Published on : October 19, 2010

Health Care Reform: Key Observations & Direction for Plan Sponsors  September 9, 2010

Health Care Reform: Key Observations & Direction for Plan Sponsors September 9, 2010

With the passage of the Patient Protection and Affordable Care Act (PPACA) in March of 2010, plan sponsors have begun the task of taking action relative to the immediate plan requirements (the first plan year beginning on or after September 23, 2010) and planning for the provisions that become effective between now and 2014 (and beyond).

Requirements range from plan design, to plan eligibility, to administrative and reporting responsibilities. The following outline of observations and direction is not intended to summarize each and every provision of health care reform, but rather to offer a summary of the significant parameters by which to incorporate health care reform into a successful plan design and progression management process. Clearly, it is expected that the marketplace will maximize the opportunities and limit the liabilities of this legislation. It will do so by investing in increased business value and improved employee health. Look for safe harbor eligibility, minimum benefit and ‘percent of pay’ contribution strategies to gain significant momentum. Employers will likely increase focus and investment on improved employee health and Accountable Care Organization (ACO) partnerships for improved community health delivery and outcomes.

Plan Eligibility

For many plan sponsors, one of the key concerns under health care reform is the potential influx of employees, effective 2014, into the group plan who are not eligible under current eligibility guidelines. In 2011, 2012 and 2013 there is no requirement to alter plan eligibility or plan offerings to accommodate those employees not eligible for the plan (or a core plan) today.

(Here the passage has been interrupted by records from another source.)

lemma factor_decomposition:
  assumes cov: "covers \<xi> q" and n: "length q \<le> n"
  shows "range (\<lambda>i. factor \<xi> i n) \<subseteq>
     (\<Union>d\<in>{1..length q}. \<Union>j\<in>{1..length q}.
        (\<lambda>w. drop (d - j) (take d q) @ w) ` anchored \<xi> q (n - j))"
proof
  fix w assume "w \<in> range (\<lambda>i. factor \<xi> i n)"
  then obtain i where w: "w = factor \<xi> i n" by blast
  define S where "S = {s. occurs_at \<xi> q s \<and> s \<le> i}"
  have "finite S" by (rule finite_subset[of _ "{..i}"]) (auto simp: S_def)
  moreover have "S \<noteq> {}" using cov unfolding S_def covers_def by blast
  ultimately have "Max S \<in> S" by (rule Max_in)
  define s where "s = Max S"
  have s: "occurs_at \<xi> q s" "s \<le> i" using \<open>Max S \<in> S\<close> by (simp_all add: s_def S_def)
  obtain s' where s': "occurs_at \<xi> q s'" "s < s'" "s' \<le> s + length q"
    using next_occurrence[OF cov s(1)] by blast
  have "i < s'"
  proof (rule ccontr)
    assume "\<not> i < s'"
    hence "s' \<le> s" using s'(1) \<open>finite S\<close> by (simp add: s_def S_def)
    with s'(2) show False by simp
  qed
  define d where "d = s' - s"
  define j where "j = s' - i"
  have dj: "1 \<le> d" "d \<le> length q" "1 \<le> j" "j \<le> d" "j \<le> n" "s + (d - j) = i" "i + j = s'"
    using s s' \<open>i < s'\<close> n by (auto simp: d_def j_def)
  have "w = factor \<xi> i j @ factor \<xi> (i + j) (n - j)"
    using w factor_append[of \<xi> i j "n - j"] dj by simp
  also have "factor \<xi> i j = drop (d - j) (take d q)"
    using factor_within_occurrence[OF s(1), of "d - j" d] dj by simp
  finally have "w \<in> (\<lambda>w. drop (d - j) (take d q) @ w) ` anchored \<xi> q (n - j)"
    using s'(1) dj by (auto simp: anchored_def)
  moreover have "d \<in> {1..length q}" "j \<in> {1..length q}" using dj by auto
  ultimately show "w \<in> (\<Union>d\<in>{1..length q}. \<Union>j\<in>{1..length q}.
        (\<lambda>w. drop (d - j) (take d q) @ w) ` anchored \<xi> q (n - j))" by blast
qed

lemma complexity_bound:
  fixes \<xi> :: "nat \<Rightarrow> 'a::finite" and lam :: real
  assumes cov: "covers \<xi> q" and sp: "spaced \<xi> q p" and p: "1 \<le> p" and lam: "1 \<le> lam"
    and kraft: "(\<Sum>d=p..length q. (1/lam)^d) \<le> 1" and n: "length q \<le> n"
  shows "real (subword_complexity \<xi> n) \<le> real (length q) * real (length q) * lam^n"
proof -
  let ?m = "length q"
  let ?B = "\<lambda>d j. (\<lambda>w. drop (d - j) (take d q) @ w) ` anchored \<xi> q (n - j)"
  have "subword_complexity \<xi> n = card (range (\<lambda>i. factor \<xi> i n))"
    by (simp add: subword_complexity_def factors_of_length)
  also have "\<dots> \<le> card (\<Union>d\<in>{1..?m}. \<Union>j\<in>{1..?m}. ?B d j)"
    using factor_decomposition[OF cov n] by (intro card_mono) (auto intro: finite_anchored)
  also have "\<dots> \<le> (\<Sum>d=1..?m. card (\<Union>j\<in>{1..?m}. ?B d j))"
    by (rule card_UN_le) simp
  also have "\<dots> \<le> (\<Sum>d=1..?m. \<Sum>j=1..?m. card (?B d j))"
    by (intro sum_mono card_UN_le) simp
  also have "\<dots> \<le> (\<Sum>d=1..?m. \<Sum>j=1..?m. card (anchored \<xi> q (n - j)))"
    by (intro sum_mono card_image_le finite_anchored)
  finally have "real (subword_complexity \<xi> n)
      \<le> (\<Sum>d=1..?m. \<Sum>j=1..?m. real (card (anchored \<xi> q (n - j))))"
    by (simp only: of_nat_sum[symmetric] of_nat_le_iff)
  also have "\<dots> \<le> (\<Sum>d=1..?m. \<Sum>j=1..?m. lam^n)"
  proof (intro sum_mono)
    fix j
    have "real (card (anchored \<xi> q (n - j))) \<le> lam^(n - j)"
      by (rule card_anchored_bound[OF cov sp p lam kraft])
    also have "\<dots> \<le> lam^n" using lam by (intro power_increasing) auto
    finally show "real (card (anchored \<xi> q (n - j))) \<le> lam^n" .
  qed
  also have "\<dots> = real ?m * real ?m * lam^n" by simp
  finally show ?thesis .
qed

Market Adoption Expectation

In accordance with the expectation created by the definition of Minimum Essential Coverage associated with health care exchanges and employer-sponsored plan coverage (60% actuarial plan value), a ‘new’ competitive benchmark has been established by which to compare competitive plan value. A plan valued at 75 or 80% (for example) is considered ‘rich’ when compared to Minimum Essential Coverage, and thus significant opportunity exists relative to savings on employer plan costs by way of plan design adjustments. Plan sponsors have an opportunity, between 2011 and 2013, to progress from the value of the current plan toward a 60% actuarial value in 2014 or thereafter, driven by government guidance.

Avoiding Employee Subsidy & Free Choice Voucher Situations

To avoid non-compliance with the Minimum Essential Coverage requirements (thus resulting in employee subsidy liability) and the requirement to provide Free Choice Vouchers (both of which become effective in 2014), plan sponsors must adhere to the following:

  • All full time employees (those working ≥ 30 hours per week) must be eligible for the core plan offering(s).
  • The actuarial plan value must be greater than or equal to 60%.
  • Employee contribution methodology must be structured in a fashion in which no employee contributes more than 7.99% of his/her income in the form of employee contributions for the core benefit option.

As a result of the defined structure of the employee contribution thresholds dictated by PPACA, employee contribution methodology is expected to progress towards a ‘percentage of pay with a cap’ structure (example: the employee contribution for single coverage under the Core Plan is 6% of salary, with a monthly cap of $200).

Increased Emphasis on Health Promotion and Wellness

The impact of plan design changes made within the scope of traditional plan design cost management will be greatly minimized as a result of the plan costs associated with the PPACA plan design requirements and the increased administrative and reporting requirements. The outcome and the directives of the new law further emphasize the critical importance of employee health and well-being as an effective means to manage plan cost. The new law will further promote the movement to wellbeing-centered reward strategies.

Requirement of a Robust Online Enrollment & Eligibility System

PPACA creates increased plan reporting requirements, a potential increase in eligible plan population, and an emphasis on health promotion and wellness. These factors reiterate the significance of a robust online enrollment and eligibility system as a requirement for effective plan administration and management. Integrated technology applications may further reduce administrative costs as well as provide a single point of access to encourage employees and providers in the active management of improved health and well-being.

Impact of Individual Coverage Exchanges on Employer-Sponsored Health Care
Employer-employee plan value (economic and well-being) for the employee will expand, increasing significantly in many cases. The exchanges will be expensive, with the addition of employee tax and adverse selection cost burdens. Expect small employer-employee plans to benefit from community Accountable Care Organization (ACO) options which, over time, directly compete with traditional insurance health plans. Such programs may be structured as self-insured plans or shared ministry plans (not insurance) purchased by individuals under §125 Cafeteria Plan arrangements, as applicable.

Impact of PPACA, PPACA Modification or Repeal

Although the Clinton-Care initiative failed in 1993, significant market-driven reform did result from this effort. If PPACA is significantly modified or repealed, expect the marketplace to embrace the advantages and opportunities stimulated by PPACA while judiciously avoiding any and all liabilities associated with the law.